Self confirms Lucas had a good week of practice, but The Big Red Dog gets promoted ahead of him. Its interesting to, because on a per minute basis, Cliff is not outpacing Lucas large amounts. except scoring. Scoring is taking on greater importance to Self, it seems.
Self confirms Svi had a good week of practice, but Greene starts. Greene's defense looks pretty awful still, but he is playing hard and he exploded out of position at the end of the Utah game and those explosive plays imprint on Self like nothing else other than Cin saying, "Take out the trash. I don't care if the house is 23,000 square feet, or not."
Self confirms Oubre had a good week of practice and the light is going on, but the OAD draft choice still isn't good enough to start...at any position, even after part time starter Devonte Graham goes down, even after Selden's explosiveness seems to implode more each week, even after Self brandished Evan and Jam Tray as perimeter backups. Self explains Oubre's slow start by saying they have been asking him to do things at guard he had not done in high school. Like play 4?
Self confirms Perry is the team's go to guy, because he can shoot the face up jumper from outside AND drive the ball, despite calling Perry making 3-3 outside the first half against Utah Fool's Gold. One potentially valid inference is that what he means is that Perry is the team's Fool's Gold Go to Guy. Another potentially valid inference is that Self is just doing fool's gold comments.

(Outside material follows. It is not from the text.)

(* Let $M$ and $M'$ be two stable matchings in an instance $I$ of SPA-S, and let $M^\land$ be the assignment defined from $M,M'$ in the context. If a project $p_j$ is undersubscribed in $M^\land$, then $p_j$ is undersubscribed in at least one of $M$ and $M'$.
   Context: An instance $I$ of SPA-S consists of a finite set $\mathcal{S}$ of students, a finite set $\mathcal{P}$ of projects and a finite set $\mathcal{L}$ of lecturers. Each student $s_i$ ranks a subset $A_i\subseteq\mathcal{P}$ (its acceptable projects) in strict order. Each project is offered by exactly one lecturer; lecturer $l_k$ offers a nonempty set $P_k\subseteq\mathcal{P}$, the $P_k$ partitioning $\mathcal{P}$. Each lecturer $l_k$ ranks in strict order the students who find at least one project of $P_k$ acceptable. Projects have capacities $c_j\in\mathbb{Z}^+$, lecturers have capacities $d_k\in\mathbb{Z}^+$ with $\max\{c_j:p_j\in P_k\}\le d_k\le\sum\{c_j:p_j\in P_k\}$. A pair $(s_i,p_j)$, $p_j$ offered by $l_k$, is acceptable if $p_j\in A_i$ and $s_i$ is on $l_k$'s list. A matching $M$ is a set of acceptable pairs with each student in at most one pair, $|M(p_j)|\le c_j$, $|M(l_k)|\le d_k$, where for an assignment $M$ (a set of acceptable pairs), $M(s_i)$, $M(p_j)$, $M(l_k)$ denote the project of $s_i$, the students assigned to $p_j$, and the students assigned to projects of $l_k$. Undersubscribed/full means fewer than/exactly capacity many assigned students. An acceptable pair $(s_i,p_j)\notin M$ ($p_j$ offered by $l_k$) blocks $M$ if ($s_i$ is unassigned or prefers $p_j$ to $M(s_i)$) and one of: (P1) $p_j$ and $l_k$ undersubscribed; (P2) $p_j$ undersubscribed, $l_k$ full, $s_i\in M(l_k)$; (P3) $p_j$ undersubscribed, $l_k$ full, $l_k$ prefers $s_i$ to the worst student of $M(l_k)$; (P4) $p_j$ full and $l_k$ prefers $s_i$ to the worst student of $M(p_j)$. $M$ is stable if it has no blocking pair. Given stable matchings $M,M'$, $M^\land$ is the assignment in which each student unassigned in both $M$ and $M'$ is unassigned, each student assigned to the same project in both is assigned to that project, and every other student is assigned to the better (in her preference) of her projects in $M$ and $M'$. *)

theory Defs
  imports Main
begin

Most interesting signal--sort of the basketball equivalent of SETI picking up a string of radio waves from deep space that might be a sign of intelligent life, but then usually turns out not to be--is that Self said some player named Hunter Mickelson had a good week of practice and was shooting it well. This is coincident with Self apparently conceding the team is NOT going to keep preparing to be a penetrate and pitch team with Devonte out, and is instead going to become a pass and shoot team. Inference: Hunter may have been thawed out of cryogenic status, and given some love, because Self has decided this Fool's gold stuff from the 4 may be just what this team needs more of. Perry starts and gives fools gold for five minutes, then Hunter does fools gold for 3, then back to Perry who does fools gold for another 5, then back to Hunter and so on through the half. Fool's gold requires fresh legs, you know. Its harder to make fool's gold on tired legs than on fresh legs. And notice that Jamari Traylor is not really a fool's gold kind 4 with fresh legs, or not. So what we could be seeing here is the beginning of a much more offensively sane approach to the game that will no doubt please @HighEliteMajor, if it were to happen. Perry and Hunter do the fool's gold stuff at the 4. Clifford and Lucas do the incredible hulk schtick at the 5 with the Fool's gold room created from Perry and Hunter stretching things from the high post, while Selden, Greene and Svi rotate on the wings, letting Selden to alternate between PG played at a walking pace, to give Frank his rest, and Selden sitting to give Selden a rest. This dog might hunt.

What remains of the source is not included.